The son of the British Army General William James Stuart, he was born at Woolwich in October 1868. Pascoe was educated at Sherborne School, where at the age of 15 he was the youngest member of the Sherborne cricket eleven. Upon leaving Sherborne, Stuart began a stage career as a solo sopranist, where he featured at The Crystal Palace in the 1880s. He also took up acting, starring alongside Charles Wyndham in the play David Garrick. Stuart was also commissioned as a lieutenant in the King's Royal Rifle Corps. Alongside his acting commitments, Pascoe still found time to play cricket in Ireland for Cork County Cricket Club and played a minor match for Ireland against I Zingari in 1892, as a replacement for David Trotter. A change in career followed for Stuart, with him abandoning his stage career to pursue a career as a colonial administrator. He firstly served as the private secretary to the Governor of the Windward Islands, before being appointed as aide-de-camp in 1896 to the Governor of Queensland, a role he held until 1902.

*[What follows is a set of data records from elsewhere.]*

lemma PL_F_piece_right:
  assumes "f \<in> PL_F r \<Lambda> A" "0 \<le> t" "t < r"
  shows "\<exists>a b l c. a \<le> t \<and> t < b \<and> a \<in> A \<and> l \<in> \<Lambda> \<and> (\<forall>s\<in>{a..<b}. f s = l * s + c)"
proof -
  from assms(1) obtain ps :: "real list" where ps: "ps \<noteq> []" "sorted_wrt (<) ps" "hd ps = 0"
      "last ps = r" "set ps \<subseteq> A"
    and pieces: "\<forall>i < length ps - 1. \<exists>l\<in>\<Lambda>. \<exists>c. \<forall>t\<in>{ps!i..<ps!(i+1)}. f t = l * t + c"
    unfolding PL_F_def by blast
  obtain i where i: "i < length ps - 1" "ps!i \<le> t" "t < ps!(Suc i)"
    using sorted_piece_right[OF ps(2,1)] ps assms by auto
  from pieces i(1) obtain l c where "l \<in> \<Lambda>" "\<forall>s\<in>{ps!i..<ps!(i+1)}. f s = l * s + c" by meson
  moreover have "ps!i \<in> A" using ps(5) i(1) by auto
  ultimately show ?thesis using i by auto
qed

lemma PL_F_piece_left_open:
  assumes "f \<in> PL_F r \<Lambda> A" "0 < t" "t \<le> r"
  shows "\<exists>a l c. 0 \<le> a \<and> a < t \<and> l \<in> \<Lambda> \<and> (\<forall>s\<in>{a..<t}. f s = l * s + c)"
proof -
  from assms(1) obtain ps :: "real list" where ps: "ps \<noteq> []" "sorted_wrt (<) ps" "hd ps = 0"
      "last ps = r"
    and pieces: "\<forall>i < length ps - 1. \<exists>l\<in>\<Lambda>. \<exists>c. \<forall>t\<in>{ps!i..<ps!(i+1)}. f t = l * t + c"
    unfolding PL_F_def by blast
  obtain i where i: "i < length ps - 1" "ps!i < t" "t \<le> ps!(Suc i)"
    using sorted_piece_left[OF ps(2,1)] ps assms by auto
  from pieces i(1) obtain l c where "l \<in> \<Lambda>" "\<forall>s\<in>{ps!i..<ps!(i+1)}. f s = l * s + c" by meson
  moreover have "0 \<le> ps!i"
  proof (cases "i = 0")
    case False
    hence "ps!0 < ps!i" using sorted_wrt_nth_less[OF ps(2)] i(1) by auto
    thus ?thesis using ps(1,3) by (simp add: hd_conv_nth)
  qed (use ps(1,3) in \<open>simp add: hd_conv_nth\<close>)
  ultimately show ?thesis
    using i by (intro exI[of _ "ps!i"] exI[of _ l] exI[of _ c]) auto
qed

lemma continuous_left_value:
  fixes f :: "real \<Rightarrow> real"
  assumes "isCont f t" "a < t" "\<forall>s\<in>{a..<t}. f s = l * s + c"
  shows "f t = l * t + c"
proof -
  have lim_f: "(f \<longlongrightarrow> f t) (at_left t)"
    using assms(1) by (simp add: isCont_def filterlim_at_split)
  have "eventually (\<lambda>s. l * s + c = f s) (at_left t)"
    using eventually_at_left_real[OF assms(2)] assms(3) by (auto elim: eventually_mono)
  moreover have "((\<lambda>s. l * s + c) \<longlongrightarrow> l * t + c) (at_left t)"
    by (intro tendsto_intros)
  ultimately have "(f \<longlongrightarrow> l * t + c) (at_left t)" using tendsto_cong by fastforce
  thus ?thesis using tendsto_unique[OF trivial_limit_at_left_real lim_f] by simp
qed

text \<open>The last affine piece of an element of \<open>F\<close> tends to \<open>r\<close> at \<open>r\<close>, so the extension to
  \<open>[0,r]\<close> (which fixes \<open>r\<close>) is affine up to and including \<open>r\<close>.\<close>
lemma PL_F_last_piece_value:
  assumes f: "f \<in> PL_F r \<Lambda> A" and a: "0 \<le> a" "a < r" and l: "0 < l"
    and aff: "\<forall>s\<in>{a..<r}. f s = l * s + c"
  shows "l * r + c = r"
proof -
  have in_range: "f s \<in> {0..<r}" if "s \<in> {0..<r}" for s
    using PL_F_onto[OF f] that by blast
  show ?thesis
  proof (cases "l * r + c \<le> r")
    case False
    define s where "s = max a (r - (l * r + c - r) / l)"
    have s: "a \<le> s" "s < r" using a l False by (auto simp: s_def field_simps)
    have "l * (r - (l * r + c - r) / l) \<le> l * s"
      using l by (intro mult_left_mono) (auto simp: s_def)
    moreover have "l * (r - (l * r + c - r) / l) = r - c" using l by (simp add: field_simps)
    ultimately have "r \<le> l * s + c" by simp
    thus ?thesis using in_range[of s] aff s a by auto
  next
    case True
    show ?thesis
    proof (rule ccontr)
      assume "l * r + c \<noteq> r"
      hence below_r: "l * r + c < r" using True by simp
      have fa: "f a = l * a + c" "0 \<le> f a" using aff in_range[of a] a by auto
      have "l * a < l * r" using a l by simp
      define w where "w = (l * r + c + r) / 2"
      have "w \<in> {0..<r}" using fa below_r \<open>l * a < l * r\<close> by (auto simp: w_def)
      then obtain v where v: "v \<in> {0..<r}" "f v = w"
        using PL_F_onto[OF f] by (metis imageE)
      show False
      proof (cases "a \<le> v")
        case True
        hence "f v = l * v + c" using aff v by auto
        moreover have "l * v < l * r" using v l by simp
        ultimately show False using v(2) below_r by (simp add: w_def)
      next
        case False
        hence "f v < f a"
          using strict_mono_onD[OF PL_F_strict_mono[OF f]] v a by auto
        thus False using v(2) fa below_r \<open>l * a < l * r\<close> by (simp add: w_def)
      qed
    qed
  qed
qed
lemma second_potential_sink:
  assumes mp: "mpdag W H" and s: "potential_sink W H s" and su: "und H s u"
  shows "\<exists>v. potential_sink W H v \<and> v \<noteq> s"
proof -
  have cl: "meek_closed H" and ext: "extendable W H" using mp by (simp_all add: mpdag_def)
  let ?N = "{z. und H s z}"
  have "?N \<subseteq> W" using extendable_adjD[OF ext] by (auto dest: und_imp_adj)
  then have "finite ?N" using extendable_finite[OF ext] by (rule finite_subset)
  moreover have "?N \<noteq> {}" using su by blast
  ultimately have "\<exists>z\<in>?N. \<forall>w\<in>?N. \<not> dir H z w" by (rule extendable_dir_minimal[OF ext])
  then obtain z where sz: "und H s z" and min: "\<forall>w. und H s w \<longrightarrow> \<not> dir H z w" by blast
  have "\<not> dir H z m" if "adj H m s" for m
  proof
    assume zm: "dir H z m"
    have "\<not> und H m s" using min zm und_commute[of H m s] by blast
    moreover have "\<not> dir H s m" using s by (simp add: potential_sink_def)
    ultimately have "dir H m s" using adj_not_und_imp_dir[OF that] by simp
    then show False using meek_closed_R2[OF cl zm] sz und_commute[of H s z] by simp
  qed
  then have "quiet_neighbour W H s z" using mp s sz by (simp add: quiet_neighbour_def)
  then have "\<exists>v. far_sink W H s z v" by (rule far_sink_exists)
  then obtain v where "far_sink W H s z v" ..
  moreover have "z \<noteq> s" using extendable_irrefl[OF ext] und_imp_adj[OF sz] by blast
  ultimately show ?thesis by (auto simp: far_sink_def)
qed

section \<open>Directing the undirected edges at a set of vertices outwards\<close>

text \<open>Two potential sinks have no directed edge between them, so at most one vertex of A is a
  potential sink; if it has an undirected edge, another potential sink lies outside A.\<close>
lemma removable_potential_sink:
  assumes mp: "mpdag W H" and "W \<noteq> {}"
    and A: "\<forall>a\<in>A. \<forall>b\<in>A. a \<noteq> b \<longrightarrow> dir H a b \<or> dir H b a"
  shows "\<exists>v. potential_sink W H v \<and> (v \<in> A \<longrightarrow> (\<forall>u. \<not> und H v u))"
proof -
  obtain s where s: "potential_sink W H s"
    using potential_sink_exists[OF _ \<open>W \<noteq> {}\<close>] mp by (auto simp: mpdag_def)
  show ?thesis
  proof (cases "s \<in> A \<longrightarrow> (\<forall>u. \<not> und H s u)")
    case True
    then show ?thesis using s by blast
  next
    case False
    then obtain u where "s \<in> A" "und H s u" by blast
    then obtain v where v: "potential_sink W H v" "v \<noteq> s"
      using second_potential_sink[OF mp s] by blast
    have "v \<notin> A"
    proof
      assume "v \<in> A"
      then have "dir H s v \<or> dir H v s" using A \<open>s \<in> A\<close> v(2) by blast
      then show False using s v(1) unfolding potential_sink_def by blast
    qed
    then show ?thesis using v by blast
  qed
qed

lemma consistent_extension_empty: "consistent_extension {} {} {}"
  using acyclicI[of "{}"] by (simp add: consistent_extension_def is_dag_def adj_def dir_def vstruct_def)

lemma mpdag_extension_out_of:
  assumes "mpdag W H" and "\<forall>a\<in>A. \<forall>b\<in>A. a \<noteq> b \<longrightarrow> dir H a b \<or> dir H b a"
  shows "\<exists>D. consistent_extension W H D \<and> (\<forall>a\<in>A. \<forall>z. und H a z \<longrightarrow> (a, z) \<in> D)"
  using assms
proof (induction "card W" arbitrary: W H A rule: less_induct)
  case less
  have mp: "mpdag W H" and A: "\<forall>a\<in>A. \<forall>b\<in>A. a \<noteq> b \<longrightarrow> dir H a b \<or> dir H b a"
    using less.prems by blast+
  have ext: "extendable W H" using mp by (simp add: mpdag_def)
  have HW: "H \<subseteq> W \<times> W" using extendable_adjD[OF ext] by (auto simp: adj_def)
  show ?case
  proof (cases "W = {}")
    case True
    then have "H = {}" using HW by blast
    then show ?thesis using True consistent_extension_empty by (auto simp: und_def)
  next
    case False
    then obtain v where v: "potential_sink W H v" "v \<in> A \<longrightarrow> (\<forall>u. \<not> und H v u)"
      using removable_potential_sink[OF mp _ A] by blast
    let ?W' = "W - {v}" and ?A' = "A \<inter> (W - {v})"
    have "v \<in> W" using v(1) by (simp add: potential_sink_def)
    have "mpdag ?W' (Restr H ?W')" using mp by (rule mpdag_Restr) blast
    moreover have "\<forall>a\<in>?A'. \<forall>b\<in>?A'. a \<noteq> b \<longrightarrow> dir (Restr H ?W') a b \<or> dir (Restr H ?W') b a"
      using A by auto
    ultimately have "\<exists>D. consistent_extension ?W' (Restr H ?W') D \<and>
        (\<forall>a\<in>?A'. \<forall>z. und (Restr H ?W') a z \<longrightarrow> (a, z) \<in> D)"
      by (rule less.hyps[OF card_Diff1_less[OF extendable_finite[OF ext] \<open>v \<in> W\<close>]])
    then obtain D where D: "consistent_extension ?W' (Restr H ?W') D"
      and out: "\<forall>a\<in>?A'. \<forall>z. und (Restr H ?W') a z \<longrightarrow> (a, z) \<in> D"
      by blast
    have "(v, v) \<notin> H" using extendable_irrefl[OF ext] by (auto simp: adj_def)
    with HW have "consistent_extension W H (D \<union> {u. adj H u v} \<times> {v})"
      using v(1) D by (rule consistent_extension_add_sink)
    moreover have "(a, z) \<in> D \<union> {u. adj H u v} \<times> {v}" if "a \<in> A" "und H a z" for a z
    proof (cases "z = v")
      case True
      then show ?thesis using und_imp_adj[OF that(2)] by simp
    next
      case False
      have "a \<noteq> v" using v(2) that by blast
      then show ?thesis
        using out that False extendable_adjD[OF ext und_imp_adj[OF that(2)]] by simp
    qed
    ultimately show ?thesis by blast
  qed
qed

He returned to Ireland in 1902 and resumed playing for County Cork, where he regularly opened the batting alongside William Harman. Good form for Cork County saw Stuart recalled to the Ireland team as a late replacement for Oscar Andrews in their match against W. G. Grace's London County at The Mardyke in 1903. His batting in the match, during which he scored 55 in the Irish first innings, led to Grace inviting Stuart to come to England to play for London County. He did so the following year, making his debut in first-class cricket for London County against the Marylebone Cricket Club (MCC) at Lord's, with him also featuring in a second match in the same year against Surrey at The Oval. Although he failed to impress in his first match, in the second match against Surret he top scored in London County's second innings with 50. In that same summer, Stuart captained Ireland against Cambridge University, following a number of late withdrawals which included the regular captain Sir Tim O'Brien. His Irish career came to an end that summer, but was almost resumed in 1910 when Stuart was selected to captain Ireland against Scotland, but he was unable to fulfill the fixture and was replaced as captain by Jack Meldon.

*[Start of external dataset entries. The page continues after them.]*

definition eh_map :: "real \<Rightarrow> (complex \<times> complex) \<times> real \<Rightarrow> complex \<times> complex \<times> complex \<times> complex" where
  "eh_map \<kappa> p = (let z1 = fst (fst p); z2 = snd (fst p); \<psi> = snd p; f = ff \<kappa> (fst p) in
     (z1 * exp (\<i> * of_real \<psi>) * of_real (sqrt f),
      z2 * exp (\<i> * of_real \<psi>) * of_real (sqrt f),
      - z2 * exp (- \<i> * of_real \<psi>) * of_real (1 / sqrt f),
      z1 * exp (- \<i> * of_real \<psi>) * of_real (1 / sqrt f)))"

definition muR :: "real \<Rightarrow> complex \<times> complex \<times> complex \<times> complex \<Rightarrow> real" where
  "muR \<kappa> X = (cmod (dZ1 X))^2 + (cmod (dZ2 X))^2 - (cmod (dW1 X))^2 - (cmod (dW2 X))^2 - 2 * sqrt \<kappa>"

definition muC :: "complex \<times> complex \<times> complex \<times> complex \<Rightarrow> complex" where
  "muC X = dZ1 X * dW1 X + dZ2 X * dW2 X"

definition eh_metric :: "real \<Rightarrow> complex \<times> complex \<Rightarrow> (complex \<times> complex) \<times> real \<Rightarrow> (complex \<times> complex) \<times> real \<Rightarrow> complex" where
  "eh_metric \<kappa> z v w = (let z1 = fst z; z2 = snd z; s = sq z; F = FF \<kappa> z in
     of_real (1 / s) *
       (of_real F * absq (\<lambda>u. z1 * dz2 u - z2 * dz1 u) v w
        + of_real (1 / F) * absq (\<lambda>u. cnj z1 * dz1 u + cnj z2 * dz2 u) v w))"

definition A_form :: "real \<Rightarrow> complex \<times> complex \<Rightarrow> (complex \<times> complex) \<times> real \<Rightarrow> complex" where
  "A_form \<kappa> z u = (let z1 = fst z; z2 = snd z; s = sq z; F = FF \<kappa> z in
     of_real (sqrt \<kappa> / (2 * s^2 * F)) * (z1 * cnj (dz1 u) + z2 * cnj (dz2 u)))"

end

theory Submission
  imports Defs
begin

text \<open>Write h = f^(1/2) and J (z1, z2) = (-z2, z1); the map is (z, psi) |-> (e^(i psi) h z,
  e^(-i psi) h^-1 J z). Since 1/f = F - sqrt kappa / s, the real moment map is
  s (f - 1/f) - 2 sqrt kappa = 0, and the complex one is z1 (-z2) + z2 z1 = 0. Differentiating, dZ = e^(i psi) h (dz + phi z) and dW = e^(-i psi) h^-1 J (dz - phi z), where
  phi = i dpsi - 2 c Re <z, dz> is the logarithmic differential of e^(i psi) h and c is the
  coefficient of A. Weighting the two halves by f and 1/f gives
  F (|dz|^2 + s |phi|^2) + (sqrt kappa / s) 2 Re (phi <dz, z>), and the Lagrange identity
  |z1 dz2 - z2 dz1|^2 + |<z, dz>|^2 = s |dz|^2 rearranges this into
  g + s F (dpsi + i (A - conj A))^2.\<close>

lemma inner_mult_both: "inner (a * b) (a * c) = (cmod a)\<^sup>2 * inner b c"
  unfolding cmod_power2 inner_complex_def by (simp add: power2_eq_square algebra_simps)

lemma absq_eq_inner: "absq \<alpha> v w = of_real (inner (\<alpha> v) (\<alpha> w))"
  by (simp add: absq_def sym_prod_def cnjf_def inner_complex_def complex_eq_iff)

lemma sqf_eq_mult: "sqf \<alpha> v w = \<alpha> v * \<alpha> w"
  by (simp add: sqf_def sym_prod_def)

lemma flat_h_eq_inner: "flat_h X Y = of_real (inner X Y / 2)"
  by (simp add: flat_h_def absq_eq_inner dZ1_def dZ2_def dW1_def dW2_def inner_prod_def)

lemma sq_eq_inner: "sq z = inner z z"
  by (simp add: sq_def inner_prod_def dot_square_norm)

lemma sq_pos: "z \<noteq> 0 \<Longrightarrow> sq z > 0"
  by (simp add: sq_eq_inner)

definition herm_prod :: "complex \<times> complex \<Rightarrow> complex \<times> complex \<Rightarrow> complex" where
  "herm_prod z x = cnj (fst z) * fst x + cnj (snd z) * snd x"

lemma Re_herm_prod: "Re (herm_prod z x) = inner z x"
  by (simp add: herm_prod_def inner_prod_def inner_complex_def)

lemma inner_wedge_add_inner_herm_prod:
  "inner (fst z * snd x - snd z * fst x) (fst z * snd y - snd z * fst y)
     + inner (herm_prod z x) (herm_prod z y) = inner z z * inner x y"
  by (simp add: herm_prod_def inner_prod_def inner_complex_def algebra_simps)

lemma inner_add_mult_pair:
  "inner (fst x + a * fst z) (fst y + b * fst z) + inner (snd x + a * snd z) (snd y + b * snd z)
     = inner x y + inner a (herm_prod z y) + inner (herm_prod z x) b + inner z z * inner a b"
  by (simp add: herm_prod_def inner_prod_def inner_complex_def algebra_simps)

lemma ff_eq_FF_add: "ff k z = FF k z + sqrt k / sq z"
  by (simp add: ff_def FF_def)

lemma FF_pos: "k \<ge> 0 \<Longrightarrow> FF k z > 0"
  by (simp add: FF_def add_pos_nonneg)

lemma ff_pos: "k \<ge> 0 \<Longrightarrow> ff k z > 0"
  by (simp add: ff_eq_FF_add FF_pos add_pos_nonneg sq_eq_inner)

lemma FF_squared: "k \<ge> 0 \<Longrightarrow> (FF k z)\<^sup>2 = 1 + (sqrt k / sq z)\<^sup>2"
  by (simp add: FF_def add_nonneg_nonneg power_divide)

lemma one_div_ff:
  assumes "k \<ge> 0"
  shows "1 / ff k z = FF k z - sqrt k / sq z"
proof -
  have "ff k z * (FF k z - sqrt k / sq z) = 1"
    using assms by (simp add: ff_eq_FF_add FF_squared algebra_simps flip: power2_eq_square)
  moreover have "ff k z \<noteq> 0"
    using ff_pos[OF assms] by (metis less_irrefl)
  ultimately show ?thesis
    by (simp add: divide_eq_eq mult.commute)
qed

text \<open>The coefficient c in A = c (z1 d(conj z1) + z2 d(conj z2)); it is also minus the
  logarithmic derivative of f^(1/2) with respect to s.\<close>
definition eh_coeff :: "real \<Rightarrow> real \<Rightarrow> real" where
  "eh_coeff k s = sqrt k / (2 * s\<^sup>2 * sqrt (1 + k / s\<^sup>2))"

lemma eh_coeff_eq:
  "k \<ge> 0 \<Longrightarrow> sq z > 0 \<Longrightarrow> eh_coeff k (sq z) = sqrt k / sq z / (2 * sq z * FF k z)"
  by (simp add: eh_coeff_def FF_def field_simps power2_eq_square)

lemma sqrt_profile_has_real_derivative:
  assumes "k > 0" "s > 0"
  shows "((\<lambda>s. sqrt (sqrt (1 + k / s\<^sup>2) + sqrt k / s)) has_real_derivative
           - eh_coeff k s * sqrt (sqrt (1 + k / s\<^sup>2) + sqrt k / s)) (at s)"
proof -
  define F where "F = sqrt (1 + k / s\<^sup>2)"
  define q where "q = sqrt k / s"
  have F: "F > 0" "F\<^sup>2 = 1 + q\<^sup>2"
    using assms by (auto simp: F_def q_def add_pos_nonneg power_divide)
  have f: "F + q > 0"
    using assms F by (intro add_pos_pos) (simp_all add: q_def)
  have "k + s * s > 0"
    using assms by (simp add: add_pos_pos)
  have "((\<lambda>s. sqrt (sqrt (1 + k / s\<^sup>2) + sqrt k / s)) has_real_derivative
      (- k / (s^3 * F) - sqrt k / s\<^sup>2) / (2 * sqrt (F + q))) (at s)"
    using assms f \<open>k + s * s > 0\<close> unfolding F_def q_def
    by (auto intro!: derivative_eq_intros simp: field_simps power2_eq_square power3_eq_cube)
  moreover have "(- k / (s^3 * F) - sqrt k / s\<^sup>2) / (2 * sqrt (F + q))
      = - eh_coeff k s * sqrt (F + q)"
  proof -
    have c: "eh_coeff k s = sqrt k / (2 * s\<^sup>2 * F)"
      by (simp add: eh_coeff_def F_def)
    have "- k / (s^3 * F) - sqrt k / s\<^sup>2 = - 2 * eh_coeff k s * (F + q)"
      unfolding c q_def using assms F by (simp add: field_simps power2_eq_square power3_eq_cube)
    then show ?thesis
      using f by (simp add: field_simps)
  qed
  ultimately show ?thesis
    by (simp add: F_def q_def)
qed

lemma sq_has_derivative: "(sq has_derivative (\<lambda>v. 2 * inner z v)) (at z)"
  unfolding sq_eq_inner[abs_def] by (auto intro!: derivative_eq_intros simp: inner_commute)

lemma sqrt_ff_has_derivative:
  assumes "k > 0" "z \<noteq> 0"
  shows "((\<lambda>z. sqrt (ff k z)) has_derivative
           (\<lambda>v. - 2 * eh_coeff k (sq z) * sqrt (ff k z) * inner z v)) (at z)"
  using DERIV_compose_FDERIV[OF sqrt_profile_has_real_derivative[OF assms(1) sq_pos[OF assms(2)]]
      sq_has_derivative]
  by (simp add: ff_def mult_ac)

lemma sqrt_ff_fst_has_derivative:
  assumes "k > 0" "fst p \<noteq> 0"
  shows "((\<lambda>p. sqrt (ff k (fst p))) has_derivative
           (\<lambda>v. - 2 * eh_coeff k (sq (fst p)) * sqrt (ff k (fst p)) * inner (fst p) (fst v))) (at p)"
  using has_derivative_compose[OF has_derivative_fst[OF has_derivative_ident]
      sqrt_ff_has_derivative[OF assms]] by simp

lemma has_derivative_cexp:
  assumes "(f has_derivative f') (at x within S)"
  shows "((\<lambda>x. exp (f x :: complex)) has_derivative (\<lambda>h. exp (f x) * f' h)) (at x within S)"
  using has_derivative_compose[OF assms DERIV_exp[unfolded has_field_derivative_def]] .

definition eh_phase ::
    "real \<Rightarrow> complex \<times> complex \<Rightarrow> (complex \<times> complex) \<times> real \<Rightarrow> complex" where
  "eh_phase k z v = \<i> * dpsi v - of_real (2 * eh_coeff k (sq z) * inner z (fst v))"

lemma eh_factor_has_derivative:
  assumes "k > 0" "fst p \<noteq> 0"
  shows "((\<lambda>p. exp (\<i> * of_real (snd p)) * of_real (sqrt (ff k (fst p)))) has_derivative
           (\<lambda>v. exp (\<i> * of_real (snd p)) * of_real (sqrt (ff k (fst p))) * eh_phase k (fst p) v))
         (at p)"
  apply (rule has_derivative_eq_rhs)
   apply (rule sqrt_ff_fst_has_derivative[OF assms] has_derivative_cexp derivative_eq_intros refl)+
  using ff_pos[of k "fst p"] assms(1) by (auto simp: eh_phase_def dpsi_def field_simps)

lemma eh_cofactor_has_derivative:
  assumes "k > 0" "fst p \<noteq> 0"
  shows "((\<lambda>p. exp (- \<i> * of_real (snd p)) * of_real (1 / sqrt (ff k (fst p)))) has_derivative
           (\<lambda>v. - (exp (- \<i> * of_real (snd p)) * of_real (1 / sqrt (ff k (fst p))))
                  * eh_phase k (fst p) v)) (at p)"
  apply (rule has_derivative_eq_rhs)
   apply (rule sqrt_ff_fst_has_derivative[OF assms] has_derivative_cexp derivative_eq_intros refl)+
  using ff_pos[of k "fst p"] assms(1) by (auto simp: eh_phase_def dpsi_def field_simps)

With the onset of the First World War, Stuart was called up for military service with the Remounts as part of the Royal Army Service Corps, where it was noted that Stuart and Sir Tim O'Brien, who was also serving in the Remounts, had a fractious relationship. He was a temporary captain by the latter stages of the war and was made an acting major in January 1918. In August of the same year he was appointed a superintendent of a Remount Depot, a role he vacated in February 1919. In the same month his war service came to an end, with Pascoe being granted the full rank of major. Following he war, he returned to Ireland where he stayed following the Irish War of Independence, settling at Cobh. He died there in February 1954. He had assumed the additional surname of French under Royal License in 1917.

==Family==
Stuart married Elizabeth Julia Soames, daughter of James Kolle Soames. Stuart and Soames had two children:
- Lt Col. Robert Fitzroy Hamilton Pascoe Stuart-French of the 11th Hussars, married Eileen de Grey D'Arcy, widow of Henry Staveley-Hill.
- Margaret Gwendolin Wanda Stuart-French, married Colonel Peter Wilson of the 1st Royal Dragoons (cousin of Sir Leslie Orme Wilson and of Cecil Wilson) and had one son, Leslie Peter Stuart Wilson also temporarily of the 1st Royal Dragoons who married Philippa Felicia Goldwyre Lester, widow of Cecil Davidge.

Pascoe Stuart-French died at Marino House, Cobh on 5 February 1954. Following his death Marino went to his only son, Lt Col. Robert Stuart-French.